On 05/02/2013, at 5:12 AM, Daz DeBoer wrote:

> On 4 February 2013 00:07, Adam Murdoch <[email protected]> wrote:
>> Hi,
>> 
>> So, we're planning to have a bunch of 'jvm binaries' that can be built from
>> various language source sets and other things. There will be a few different
>> types of binaries, such as class directory binaries and jar binaries,
>> possibly some others.
>> 
>> Something we need to sort out is how to structure the DSL for these
>> executable things. The current plan is to have a single container that owns
>> all of these jvm binaries, so you might declare something like this:
>> 
>> jvm {
>>    binaries {
>>        mainClasses(ClassesDirectoryBinary) {
>>            … some inputs and other configuration ...
>>        }
>>        mainJar(JarBinary) {
>>            … some inputs and other configuration …
>>        }
>>    }
>> }
>> 
>> There might be a similar container for native binaries:
>> 
>> native {
>>    binaries {
>>        windowsX86DebugShared(SharedLibraryBinary) {
>>            … some inputs and other configuration …
>>        }
>>        windowsX86DebugStatic(StaticLibraryBinary) {
>>            ...
>>        }
>>        windowsX86DebugExe(ExecutableBinary) {
>>            …
>>        }
>>    }
>> }
>> 
>> Some questions:
>> 
>> * Is using a flat name the best way to identify these things? Once you add a
>> few dimensions, the names start to get awkward. This is certainly can be the
>> case for native binaries, and can also be the case for jvm binaries. For
>> example, I might have (feature, binary type, groovy version, jvm version) as
>> relevant dimensions for a Groovy library that targets multiple groovy
>> versions and jvm versions.
> 
> Are the names of these things important at all? Or in general are we
> just forcing users to come up with a name that adds little value?


I think it varies for different types of things. For some things, a name is a 
natural way of identifying the thing. For other things (most things?) it makes 
more sense to identify a thing by its type and some attributes about the thing.

The complication is that the set of attributes that identify a thing vary based 
on what I'm building. For example:

* If I have a single publication, then I want to refer to it as 'the 
publication'. The other stuff (type, groupId, artefactId, version) are just 
attributes of the publication.
* If I publish 2 maven modules, then I want to refer to them as the 'api 
publication' and the 'impl publication', say.
* If I build debug and release variants of my windows executable, then I want 
to refer to them as the 'debug executable' and the 'release executable'. All 
the other stuff (windows, amd64, multi-threaded, visual-c++ compiler, 
optimisation-level) are just attributes of the publication.
* If I build debug and release variants on windows and linux for x86 and amd64, 
then I want to refer to them using a tuple such as (windows, amd64, release).
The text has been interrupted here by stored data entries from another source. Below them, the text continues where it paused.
lemma pullback_op_inverse:
  assumes A: "A \<subseteq> X" and h: "inj_on h A" "h ` A \<subseteq> Y" and v: "v \<in> l2 X"
  shows "pullback_op Y A h (pullback_op X (h ` A) (inv_into A h) v) = (\<lambda>x. if x \<in> A then v x else 0)"
proof -
  have "inv_into A h ` h ` A \<subseteq> X"
    using inv_into_image_cancel[OF h(1) subset_refl] A by simp
  then have "pullback_op X (h ` A) (inv_into A h) v \<in> l2 Y"
    using bounded_op_l2[OF bounded_op_pullback_op[OF h(2) inj_on_inv_into] v] by blast
  then have "pullback_op Y A h (pullback_op X (h ` A) (inv_into A h) v)
      = (\<lambda>x. if x \<in> A then pullback_op X (h ` A) (inv_into A h) v (h x) else 0)"
    by (rule pullback_op_apply)
  also have "\<dots> = (\<lambda>x. if x \<in> A then v x else 0)"
    using v by (intro ext) (simp add: pullback_op_def inv_into_f_f[OF h(1)])
  finally show ?thesis .
qed

section \<open>Operators of finite propagation along a composite\<close>

locale almost_isometry_triple_bounded_geometry = almost_isometry_triple +
  assumes countable_X: "countable X"
    and bounded_geometry_X: "bounded_geometry X dX"
    and bounded_geometry_Y: "bounded_geometry Y dY"
begin

lemma finite_propagation_delta_finite_support:
  assumes T: "T \<in> finite_propagation_ops X Y df" and x: "x \<in> X"
  shows "finite {y\<in>Y. T (delta x) y \<noteq> 0}"
proof -
  have "finite_propagation X Y df T"
    using T by (simp add: finite_propagation_ops_def)
  then obtain L where L: "\<And>x y. x \<in> X \<Longrightarrow> y \<in> Y \<Longrightarrow> df (Inl x) (Inr y) \<ge> L \<Longrightarrow> T (delta x) y = 0"
    using finite_propagationE by blast
  define R where "R = \<bar>L\<bar> + Cf"
  have "R > 0"
    using constants_pos by (simp add: R_def add_nonneg_pos)
  then have "finite {y\<in>Y. dY (f x) y \<le> R}"
    using bounded_geometry_Y f_image[OF x] unfolding bounded_geometry_def by blast
  moreover have "{y\<in>Y. T (delta x) y \<noteq> 0} \<subseteq> {y\<in>Y. dY (f x) y \<le> R}"
  proof safe
    fix y assume y: "y \<in> Y" "T (delta x) y \<noteq> 0"
    then have "df (Inl x) (Inr y) < L"
      using L[OF x y(1)] by force
    with dist_f_ge[OF mX mY f x y(1)] constants_pos show "dY (f x) y \<le> R"
      by (simp add: R_def)
  qed
  ultimately show ?thesis
    by (rule finite_subset[rotated])
qed

lemma finite_propagation_compose:
  assumes T: "T \<in> finite_propagation_ops X Y df" and S: "S \<in> finite_propagation_ops Y Z dg"
  shows "(\<lambda>v. S (T v)) \<in> finite_propagation_ops X Z dgf"
proof -
  have Tb: "bounded_op X Y T" and Tfp: "finite_propagation X Y df T"
    and Sb: "bounded_op Y Z S" and Sfp: "finite_propagation Y Z dg S"
    using T S by (simp_all add: finite_propagation_ops_def)
  obtain L1 where L1: "\<And>x y. x \<in> X \<Longrightarrow> y \<in> Y \<Longrightarrow> df (Inl x) (Inr y) \<ge> L1 \<Longrightarrow> T (delta x) y = 0"
    using finite_propagationE[OF Tfp] by blast
  obtain L2 where L2: "\<And>y z. y \<in> Y \<Longrightarrow> z \<in> Z \<Longrightarrow> dg (Inl y) (Inr z) \<ge> L2 \<Longrightarrow> S (delta y) z = 0"
    using finite_propagationE[OF Sfp] by blast
  have "S (T (delta x)) z = 0" if x: "x \<in> X" and z: "z \<in> Z" and far: "dg_df (Inl x) (Inr z) \<ge> L1 + L2"
    for x z
  proof -
    let ?F = "{y\<in>Y. T (delta x) y \<noteq> 0}"
    have "T (delta x) y = 0" if "y \<notin> ?F" for y
      using that l2_outside[OF bounded_op_l2[OF Tb delta_l2[OF x]]] by blast
    then have "S (T (delta x)) = (\<lambda>z. \<Sum>y\<in>?F. T (delta x) y * S (delta y) z)"
      using bounded_op_finite_expansion[OF Sb finite_propagation_delta_finite_support[OF T x]] by blast
    moreover have "T (delta x) y * S (delta y) z = 0" if y: "y \<in> ?F" for y
    proof -
      have "df (Inl x) (Inr y) < L1"
        using y L1[OF x] by force
      then have "dg (Inl y) (Inr z) \<ge> L2"
        using metric_comp_le[OF x _ z, of y] far y by simp
      then show ?thesis
        using L2 y z by simp
    qed
    ultimately show ?thesis
      by simp
  qed
  then have "finite_propagation X Z dg_df (\<lambda>v. S (T v))"
    unfolding finite_propagation_def by blast
  then have "(\<lambda>v. S (T v)) \<in> finite_propagation_ops X Z dg_df"
    using bounded_op_compose[OF Tb Sb] by (simp add: finite_propagation_ops_def)
  then show ?thesis
    by (simp add: finite_propagation_ops_metric_comp)
qed

definition fibre_level :: "nat \<Rightarrow> 'a set" where
  "fibre_level i = {x\<in>X. fibre_rank X f x = i}"

abbreviation push :: "nat \<Rightarrow> ('a \<Rightarrow> complex) \<Rightarrow> 'b \<Rightarrow> complex" where
  "push i \<equiv> pullback_op X (f ` fibre_level i) (inv_into (fibre_level i) f)"

abbreviation pull :: "nat \<Rightarrow> ('b \<Rightarrow> complex) \<Rightarrow> 'a \<Rightarrow> complex" where
  "pull i \<equiv> pullback_op Y (fibre_level i) f"

lemma fibre_level_subset: "fibre_level i \<subseteq> X"
  by (auto simp: fibre_level_def)

lemma fibres_bounded:
  obtains N where "\<And>x. x \<in> X \<Longrightarrow> finite {x'\<in>X. f x' = f x} \<and> card {x'\<in>X. f x' = f x} \<le> N"
  using almost_isometry_fibres_bounded[OF mY f bounded_geometry_X] by blast

lemma inj_on_fibre_level: "inj_on f (fibre_level i)"
proof -
  obtain N where "\<And>x. x \<in> X \<Longrightarrow> finite {x'\<in>X. f x' = f x} \<and> card {x'\<in>X. f x' = f x} \<le> N"
    using fibres_bounded by blast
  then show ?thesis
    unfolding fibre_level_def by (intro inj_on_fibre_rank_level[OF countable_X]) simp
qed

lemma fibre_rank_bounded:
  obtains N where "\<And>x. x \<in> X \<Longrightarrow> fibre_rank X f x < N"
proof -
  obtain N where N: "\<And>x. x \<in> X \<Longrightarrow> finite {x'\<in>X. f x' = f x} \<and> card {x'\<in>X. f x' = f x} \<le> N"
    using fibres_bounded by blast
  have "fibre_rank X f x < N" if x: "x \<in> X" for x
  proof -
    have "finite {x'\<in>X. f x' = f x}" "card {x'\<in>X. f x' = f x} \<le> N"
      using N[OF x] by simp_all
    with fibre_rank_less_card[OF this(1) x] show ?thesis
      by linarith
  qed
  then show ?thesis
    by (rule that)
qed

lemma bounded_op_push: "bounded_op X Y (push i)"
proof (rule bounded_op_pullback_op)
  show "f ` fibre_level i \<subseteq> Y"
    using fibre_level_subset f_image by blast
  show "inj_on (inv_into (fibre_level i) f) (f ` fibre_level i)"
    by (rule inj_on_inv_into) (rule subset_refl)
  show "inv_into (fibre_level i) f ` f ` fibre_level i \<subseteq> X"
    using inv_into_image_cancel[OF inj_on_fibre_level subset_refl] fibre_level_subset by simp
qed

lemma bounded_op_pull: "bounded_op Y X (pull i)"
proof (rule bounded_op_pullback_op[OF fibre_level_subset inj_on_fibre_level])
  show "f ` fibre_level i \<subseteq> Y"
    using fibre_level_subset f_image by blast
qed

lemma push_in_finite_propagation_ops: "push i \<in> finite_propagation_ops X Y df"
proof -
  have "push i (delta x) y = 0" if x: "x \<in> X" and y: "y \<in> Y" and far: "df (Inl x) (Inr y) \<ge> Cf" for x y
  proof (rule ccontr)
    assume "push i (delta x) y \<noteq> 0"
    then have "y \<in> f ` fibre_level i" "delta x (inv_into (fibre_level i) f y) \<noteq> 0"
      by (simp_all add: pullback_op_apply[OF delta_l2[OF x]] split: if_splits)
    then have "y = f x"
      using f_inv_into_f[of y f "fibre_level i"] by (simp add: delta_def split: if_splits)
    then show False
      using dist_f_image_le[OF mX mY f x] far constants_pos by simp
  qed
  then have "finite_propagation X Y df (push i)"
    unfolding finite_propagation_def by blast
  then show ?thesis
    by (simp add: finite_propagation_ops_def bounded_op_push)
qed

lemma compose_pull_in_finite_propagation_ops:
  assumes P: "P \<in> finite_propagation_ops X Z dgf"
  shows "(\<lambda>w. P (pull i w)) \<in> finite_propagation_ops Y Z dg"
proof -
  have Pb: "bounded_op X Z P" and Pfp: "finite_propagation X Z dgf P"
    using P by (simp_all add: finite_propagation_ops_def)
  obtain L where L: "\<And>x z. x \<in> X \<Longrightarrow> z \<in> Z \<Longrightarrow> dgf (Inl x) (Inr z) \<ge> L \<Longrightarrow> P (delta x) z = 0"
    using finite_propagationE[OF Pfp] by blast
  have "P (pull i (delta y)) z = 0"
    if y: "y \<in> Y" and z: "z \<in> Z" and far: "dg (Inl y) (Inr z) \<ge> L + (Cf + Cg / 2)" for y z
  proof (cases "\<exists>x\<in>fibre_level i. f x = y")
    case True
    then obtain x where x: "x \<in> fibre_level i" "f x = y"
      by blast
    then have xX: "x \<in> X"
      using fibre_level_subset by blast
    have "pull i (delta y) = delta x"
    proof
      fix x'
      have "pull i (delta y) x' = (if x' \<in> fibre_level i then delta y (f x') else 0)"
        by (simp add: pullback_op_apply[OF delta_l2[OF y]])
      then show "pull i (delta y) x' = delta x x'"
        using inj_on_eq_iff[OF inj_on_fibre_level _ x(1)] x by (auto simp: delta_def)
    qed
    moreover have "dgf (Inl x) (Inr z) \<ge> L"
      using dist_g_image_le[OF xX z] x(2) far by simp
    ultimately show ?thesis
      using L[OF xX z] by simp
  next
    case False
    then have "pull i (delta y) = (\<lambda>_. 0)"
      unfolding pullback_op_apply[OF delta_l2[OF y]] by (auto simp: delta_def)
    then show ?thesis
      using bounded_op_apply_zero[OF Pb] by simp
  qed
  then have "finite_propagation Y Z dg (\<lambda>w. P (pull i w))"
    unfolding finite_propagation_def by blast
  then show ?thesis
    using bounded_op_compose[OF bounded_op_pull Pb] by (simp add: finite_propagation_ops_def)
qed

lemma sum_pull_push:
  assumes N: "\<And>x. x \<in> X \<Longrightarrow> fibre_rank X f x < N" and v: "v \<in> l2 X"
  shows "(\<lambda>x. \<Sum>i<N. 1 * pull i (push i v) x) = v"
proof
  fix x
  have "pull i (push i v) = (\<lambda>x. if x \<in> fibre_level i then v x else 0)" for i
  proof (rule pullback_op_inverse[OF fibre_level_subset inj_on_fibre_level _ v])
    show "f ` fibre_level i \<subseteq> Y"
      using fibre_level_subset f_image by blast
  qed
  then have "(\<Sum>i<N. 1 * pull i (push i v) x) = (\<Sum>i<N. if x \<in> fibre_level i then v x else 0)"
    by simp
  also have "\<dots> = v x"
  proof (cases "x \<in> X")
    case True
    then have "(\<Sum>i<N. if x \<in> fibre_level i then v x else 0) = (\<Sum>i<N. if i = fibre_rank X f x then v x else 0)"
      by (intro sum.cong) (auto simp: fibre_level_def)
    with N[OF True] show ?thesis
      by simp
  next
    case False
    then show ?thesis
      using l2_outside[OF v False] by (simp cong: if_cong)
  qed
  finally show "(\<Sum>i<N. 1 * pull i (push i v) x) = v x" .
qed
That is, a thing often just has a bunch of attributes, any of which could be 
used to identify it, and it's how the thing is different to the others that is 
useful for identifying it.

One nice aspect of ditching the name is that a thing can more naturally live in 
different containers and be grouped in different ways. Which would mean that 
some of these questions about how things are grouped become less important - 
just group them whichever way you like.


> How
> often does a user need to differentiate between them by name?
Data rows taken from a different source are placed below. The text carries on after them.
(* Let $T$ be a rooted tree with root $r$ and nonnegative node weights $p(\cdot)$, and let $H(T,r)$ be the weighted heavy path of $T$ containing $r$. Then a node $u\in H(T,r)$ minimizing $|2p(T_u)-p(T)|$ over $u\in H(T,r)$ is a middle point of $T$, i.e., it also minimizes $|2p(T_u)-p(T)|$ over all nodes $u$ of $T$.
   Context: Edges of $T$ are directed from parent to child. For a node $u$, $T_u$ is the subtree of $T$ rooted at $u$ (consisting of $u$ and all its descendants), and for a set $S$ of nodes $p(S)=\sum_{v\in S}p(v)$; $p(T)$ is the total weight of $T$. For each internal node $u$, choose a child $v$ of $u$ with the largest subtree weight $p(T_v)$ (ties broken arbitrarily); the edge $(u,v)$ is called heavy and the other outgoing edges of $u$ are light. A weighted heavy path is a maximal path formed by concatenating heavy edges; $H(T,r)$ is the one containing the root, i.e., the path obtained starting from $r$ and repeatedly following the heavy edge until reaching a leaf. *)

theory Defs
  imports Complex_Main
begin

definition rooted_tree :: "'a set \<Rightarrow> ('a \<times> 'a) set \<Rightarrow> 'a \<Rightarrow> bool" where
  "rooted_tree V E r \<longleftrightarrow>
     finite V \<and> r \<in> V \<and> E \<subseteq> V \<times> V \<and>
     (\<forall>v\<in>V. (r, v) \<in> E\<^sup>*) \<and>
     (\<forall>v. (v, r) \<notin> E) \<and>
     (\<forall>v u w. (u, v) \<in> E \<and> (w, v) \<in> E \<longrightarrow> u = w)"

definition subtree :: "('a \<times> 'a) set \<Rightarrow> 'a \<Rightarrow> 'a set" where
  "subtree E u = E\<^sup>* `` {u}"

definition subtree_weight :: "('a \<times> 'a) set \<Rightarrow> ('a \<Rightarrow> real) \<Rightarrow> 'a \<Rightarrow> real" where
  "subtree_weight E p u = sum p (subtree E u)"

text \<open>A weighted heavy path from the root (for some tie-breaking choice of heavy edges):
  starts at r, each step goes from u to a child v of u of maximal subtree weight,
  and it ends at a leaf.\<close>
definition heavy_root_path ::
  "('a \<times> 'a) set \<Rightarrow> ('a \<Rightarrow> real) \<Rightarrow> 'a \<Rightarrow> 'a list \<Rightarrow> bool" where
  "heavy_root_path E p r P \<longleftrightarrow>
     P \<noteq> [] \<and> hd P = r \<and>
     (\<forall>i. Suc i < length P \<longrightarrow>
        (P ! i, P ! Suc i) \<in> E \<and>
        (\<forall>c. (P ! i, c) \<in> E \<longrightarrow> subtree_weight E p c \<le> subtree_weight E p (P ! Suc i))) \<and>
     (\<forall>c. (last P, c) \<notin> E)"

end

theory Submission
  imports Defs
begin

text \<open>Every node v off the heavy path H lies in the subtree of a light child c of some
  node of H; let h be the heavy child of that node. The subtrees of c and h are disjoint,
  so p(T_v) \<le> p(T_c) \<le> p(T_h) and p(T_c) + p(T_h) \<le> p(T). Hence
  2p(T_v) - p(T) \<le> 2p(T_h) - p(T) \<le> p(T) - 2p(T_v), i.e. the node h of H is at least
  as close to the middle as v.\<close>

lemma rtrancl_common_descendant_comparable:
  assumes unique_parent: "\<forall>v u w. (u, v) \<in> E \<and> (w, v) \<in> E \<longrightarrow> u = w"
    and "(a, x) \<in> E\<^sup>*" and "(b, x) \<in> E\<^sup>*"
  shows "(a, b) \<in> E\<^sup>* \<or> (b, a) \<in> E\<^sup>*"
  using assms(2,3)
proof (induction rule: rtrancl_induct)
  case base
  then show ?case by simp
next
  case (step y z)
  from step.prems show ?case
  proof (cases rule: rtranclE)
    case base
    then show ?thesis using step.hyps by (meson rtrancl.rtrancl_into_rtrancl)
  next
    case (step w)
    then have "w = y" using unique_parent \<open>(y, z) \<in> E\<close> by blast
    then show ?thesis using step.IH step by blast
  qed
qed

lemma rooted_tree_acyclic:
  assumes tree: "rooted_tree V E r" and "x \<in> V"
  shows "(x, x) \<notin> E\<^sup>+"
proof -
  have unique_parent: "\<forall>v u w. (u, v) \<in> E \<and> (w, v) \<in> E \<longrightarrow> u = w"
    and root_orphan: "\<forall>v. (v, r) \<notin> E" and "(r, x) \<in> E\<^sup>*"
    using assms unfolding rooted_tree_def by auto
  from \<open>(r, x) \<in> E\<^sup>*\<close> show ?thesis
  proof (induction rule: rtrancl_induct)
    case base
    show ?case using root_orphan by (meson tranclE)
  next
    case (step y z)
    show ?case
    proof
      assume "(z, z) \<in> E\<^sup>+"
      then obtain w where "(z, w) \<in> E\<^sup>*" and "(w, z) \<in> E"
        by (meson tranclD2)
      moreover from this have "w = y" using unique_parent step.hyps(2) by blast
      ultimately have "(y, y) \<in> E\<^sup>+" using step.hyps(2) by auto
      then show False using step.IH by blast
    qed
  qed
qed

lemma rooted_tree_subtree_subset:
  assumes "rooted_tree V E r" and "c \<in> V"
  shows "subtree E c \<subseteq> V"
proof
  fix x assume "x \<in> subtree E c"
  then have "(c, x) \<in> E\<^sup>*" unfolding subtree_def by auto
  then show "x \<in> V" using assms
    by (induction rule: rtrancl_induct) (auto simp: rooted_tree_def)
qed

lemma rooted_tree_sibling_subtrees_disjoint:
  assumes tree: "rooted_tree V E r"
    and "(x, c) \<in> E" and "(x, h) \<in> E" and "c \<noteq> h"
  shows "subtree E c \<inter> subtree E h = {}"
proof -
  have unique_parent: "\<forall>v u w. (u, v) \<in> E \<and> (w, v) \<in> E \<longrightarrow> u = w"
    and "x \<in> V" using tree \<open>(x, c) \<in> E\<close> unfolding rooted_tree_def by auto
  have not_below: False if "(a, b) \<in> E\<^sup>*" "(x, a) \<in> E" "(x, b) \<in> E" "a \<noteq> b" for a b
  proof -
    from that obtain w where "(a, w) \<in> E\<^sup>*" and "(w, b) \<in> E"
      by (meson rtranclD tranclD2)
    moreover from this have "w = x" using unique_parent \<open>(x, b) \<in> E\<close> by blast
    ultimately have "(x, x) \<in> E\<^sup>+" using \<open>(x, a) \<in> E\<close> by auto
    then show False using rooted_tree_acyclic[OF tree \<open>x \<in> V\<close>] by blast
  qed
  show ?thesis
  proof (rule ccontr)
    assume "subtree E c \<inter> subtree E h \<noteq> {}"
    then obtain y where "(c, y) \<in> E\<^sup>*" "(h, y) \<in> E\<^sup>*" unfolding subtree_def by auto
    then have "(c, h) \<in> E\<^sup>* \<or> (h, c) \<in> E\<^sup>*"
      using rtrancl_common_descendant_comparable[OF unique_parent] by blast
    then show False using not_below assms(2-4) by metis
  qed
qed

lemma subtree_weight_siblings_le:
  assumes tree: "rooted_tree V E r" and nonneg: "\<forall>v\<in>V. 0 \<le> p v"
    and "(x, c) \<in> E" and "(x, h) \<in> E" and "c \<noteq> h"
  shows "subtree_weight E p c + subtree_weight E p h \<le> sum p V"
proof -
  have "finite V" and "c \<in> V" and "h \<in> V"
    using assms unfolding rooted_tree_def by auto
  then have sub: "subtree E c \<subseteq> V" "subtree E h \<subseteq> V"
    using rooted_tree_subtree_subset[OF tree] by auto
  have "subtree_weight E p c + subtree_weight E p h = sum p (subtree E c \<union> subtree E h)"
    unfolding subtree_weight_def
    using rooted_tree_sibling_subtrees_disjoint[OF assms(1,3-5)] sub \<open>finite V\<close>
    by (metis finite_subset sum.union_disjoint)
  also have "\<dots> \<le> sum p V"
    using sub \<open>finite V\<close> nonneg by (intro sum_mono2) auto
  finally show ?thesis .
qed

lemma subtree_weight_descendant_le:
  assumes tree: "rooted_tree V E r" and nonneg: "\<forall>v\<in>V. 0 \<le> p v"
    and "c \<in> V" and "(c, v) \<in> E\<^sup>*"
  shows "subtree_weight E p v \<le> subtree_weight E p c"
proof -
  have "finite V" using tree unfolding rooted_tree_def by auto
  have sub: "subtree E c \<subseteq> V" using rooted_tree_subtree_subset[OF tree \<open>c \<in> V\<close>] .
  have "subtree E v \<subseteq> subtree E c"
    using \<open>(c, v) \<in> E\<^sup>*\<close> unfolding subtree_def by (auto intro: rtrancl_trans)
  then show ?thesis
    unfolding subtree_weight_def using sub \<open>finite V\<close> nonneg
    by (intro sum_mono2) (auto intro: finite_subset)
qed

text \<open>Only the path structure of P matters here, not the heaviness of its edges: v branches
  off at the last node of P that is an ancestor of v, which is not the leaf at the end of P.\<close>

lemma heavy_root_path_branch_off:
  assumes path: "heavy_root_path E p r P"
    and "(r, v) \<in> E\<^sup>*" and "v \<notin> set P"
  obtains i c where "Suc i < length P" and "(P ! i, c) \<in> E" and "c \<noteq> P ! Suc i"
    and "(c, v) \<in> E\<^sup>*"
proof -
  have "P \<noteq> []" and "hd P = r" and path_edge: "\<And>i. Suc i < length P \<Longrightarrow> (P ! i, P ! Suc i) \<in> E"
    and leaf: "\<forall>c. (last P, c) \<notin> E"
    using path unfolding heavy_root_path_def by auto
  define A where "A = {i. i < length P \<and> (P ! i, v) \<in> E\<^sup>*}"
  have "0 \<in> A" using \<open>P \<noteq> []\<close> \<open>hd P = r\<close> \<open>(r, v) \<in> E\<^sup>*\<close>
    unfolding A_def by (simp add: hd_conv_nth)
  moreover have "finite A" unfolding A_def by auto
  ultimately have "Max A \<in> A" and A_le: "\<And>j. j \<in> A \<Longrightarrow> j \<le> Max A"
    by (auto intro: Max_in)
  define i where "i = Max A"
  have "i < length P" and "(P ! i, v) \<in> E\<^sup>*"
    using \<open>Max A \<in> A\<close> unfolding A_def i_def by auto
  moreover have "P ! i \<noteq> v" using \<open>i < length P\<close> \<open>v \<notin> set P\<close> by auto
  ultimately obtain c where c: "(P ! i, c) \<in> E" and "(c, v) \<in> E\<^sup>*"
    by (meson converse_rtranclE)
  have "P ! i \<noteq> last P" using c leaf by metis
  then have "Suc i < length P" using \<open>i < length P\<close> \<open>P \<noteq> []\<close>
    by (metis Suc_lessI last_conv_nth diff_Suc_1)
  moreover have "c \<noteq> P ! Suc i"
  proof
    assume "c = P ! Suc i"
    then have "Suc i \<in> A" using \<open>Suc i < length P\<close> \<open>(c, v) \<in> E\<^sup>*\<close> unfolding A_def by auto
    then show False using A_le unfolding i_def by fastforce
  qed
  ultimately show thesis using that c \<open>(c, v) \<in> E\<^sup>*\<close> by blast
qed

lemma abs_double_minus_le:
  fixes x y s :: real
  assumes "x \<le> y" and "x + y \<le> s"
  shows "\<bar>2 * y - s\<bar> \<le> \<bar>2 * x - s\<bar>"
  using assms by linarith

lemma heavy_root_path_dominates:
  assumes tree: "rooted_tree V E r" and nonneg: "\<forall>v\<in>V. 0 \<le> p v"
    and path: "heavy_root_path E p r P" and "v \<in> V"
  shows "\<exists>w\<in>set P. \<bar>2 * subtree_weight E p w - sum p V\<bar>
                    \<le> \<bar>2 * subtree_weight E p v - sum p V\<bar>"
proof (cases "v \<in> set P")
  case True
  then show ?thesis by blast
next
  case False
  have "(r, v) \<in> E\<^sup>*" using tree \<open>v \<in> V\<close> unfolding rooted_tree_def by auto
  with False obtain i c where "Suc i < length P" and c: "(P ! i, c) \<in> E"
    and "c \<noteq> P ! Suc i" and "(c, v) \<in> E\<^sup>*"
    using heavy_root_path_branch_off[OF path] by blast
  define h where "h = P ! Suc i"
  have h: "(P ! i, h) \<in> E" and heavy: "subtree_weight E p c \<le> subtree_weight E p h"
    using path \<open>Suc i < length P\<close> c unfolding heavy_root_path_def h_def by auto
  have "c \<in> V" using tree c unfolding rooted_tree_def by auto
  have "subtree_weight E p v \<le> subtree_weight E p c"
    using subtree_weight_descendant_le[OF tree nonneg \<open>c \<in> V\<close> \<open>(c, v) \<in> E\<^sup>*\<close>] .
  moreover have "subtree_weight E p c + subtree_weight E p h \<le> sum p V"
    using subtree_weight_siblings_le[OF tree nonneg c h] \<open>c \<noteq> P ! Suc i\<close> h_def by blast
  ultimately have "\<bar>2 * subtree_weight E p h - sum p V\<bar> \<le> \<bar>2 * subtree_weight E p v - sum p V\<bar>"
    using heavy by (intro abs_double_minus_le) linarith+
  moreover have "h \<in> set P" unfolding h_def using \<open>Suc i < length P\<close> by simp
  ultimately show ?thesis by blast
qed

theorem theorem5:
  fixes V :: "'a set" and E :: "('a \<times> 'a) set" and r :: 'a
    and p :: "'a \<Rightarrow> real" and P :: "'a list" and u :: 'a
  assumes "rooted_tree V E r"
    and "\<forall>v\<in>V. 0 \<le> p v"
    and "heavy_root_path E p r P"
    and "u \<in> set P"
    and "\<forall>w\<in>set P. \<bar>2 * subtree_weight E p u - sum p V\<bar>
                     \<le> \<bar>2 * subtree_weight E p w - sum p V\<bar>"
  shows "\<forall>v\<in>V. \<bar>2 * subtree_weight E p u - sum p V\<bar>
               \<le> \<bar>2 * subtree_weight E p v - sum p V\<bar>"
proof
  fix v assume "v \<in> V"
  then obtain w where "w \<in> set P"
    and "\<bar>2 * subtree_weight E p w - sum p V\<bar> \<le> \<bar>2 * subtree_weight E p v - sum p V\<bar>"
    using heavy_root_path_dominates[OF assms(1-3)] by blast
  with assms(5) show "\<bar>2 * subtree_weight E p u - sum p V\<bar>
                      \<le> \<bar>2 * subtree_weight E p v - sum p V\<bar>"
    by fastforce
qed

end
There are a few main reasons, I think:

1. To configure something that some other logic (a plugin, say) has already 
defined.
2. To configure the tasks that do work with the thing (compile it, generate the 
pom.xml for it, publish it).
3. To find the thing to use it as input for some other thing.
4. To refer to the thing before the 'identifying' attributes have been 
calculated. For example, to refer to a publication before the version has been 
calculated.

None this necessarily requires a name - this is just what the name is used for 
at the moment.


> 
> We could consider a DSL similar to the repositories syntax:
> 
> jvm {
>    binaries {
>        classes {
>            name "main" // optional
>            … some inputs and other configuration ...
>        }
>        jar {
>            ... we generate a sensible name ...
>            … some inputs and other configuration …
>        }
>    }
> }
> 
> It's possible that we treat this as a standard pattern, whereby a
> NamedDomainObjectContainer could support both with some sort of DSL
> magic:
> 
> container {
>      name(Type) {}
>      subtype { // generated name }
> }
> 
> Or maybe get rid of the 'name' method altogether, and go with:
> 
> // In all cases the added element must provide a unique name, which
> may or may not be configured explicitly.
> container {
>       generalType(SubType) {} // eg 'publication' for 'publications'
> container, or 'dependency' for 'dependencies' container.
>       subType { } // eg 'ivy' for 'publications' or 'project' for
> 'dependencies'
> }

These are both interesting options for defining things. One question is how do 
I get something out again, to either configure it or use it?

> 
> 
>> * What do we do with specialised types of jvm binaries, that run on the jvm
>> but which require a certain runtime and that are packaged in a certain way:
>> a WAR or exploded J2EE web app or an OSGi bundle or Gradle plugin?
>> 
>> * Is the separation between jvm binaries and native binaries useful? Should
>> there be a single `binaries` container? Or should it be finer-grained to
>> include type, so that there is a `jvm.binaries.classes` and a
>> `jvm.binaries.jar` container and a `native.binaries.staticLibs` container?
>> Is the type of runtime actually less important than the type of thing, so
>> that it should be `binaries.jvm` and `binaries.native`?
> 
> Where would combined-and-optimised javascript fit into this model?
> What about shell-scripts that are tailored for a runtime?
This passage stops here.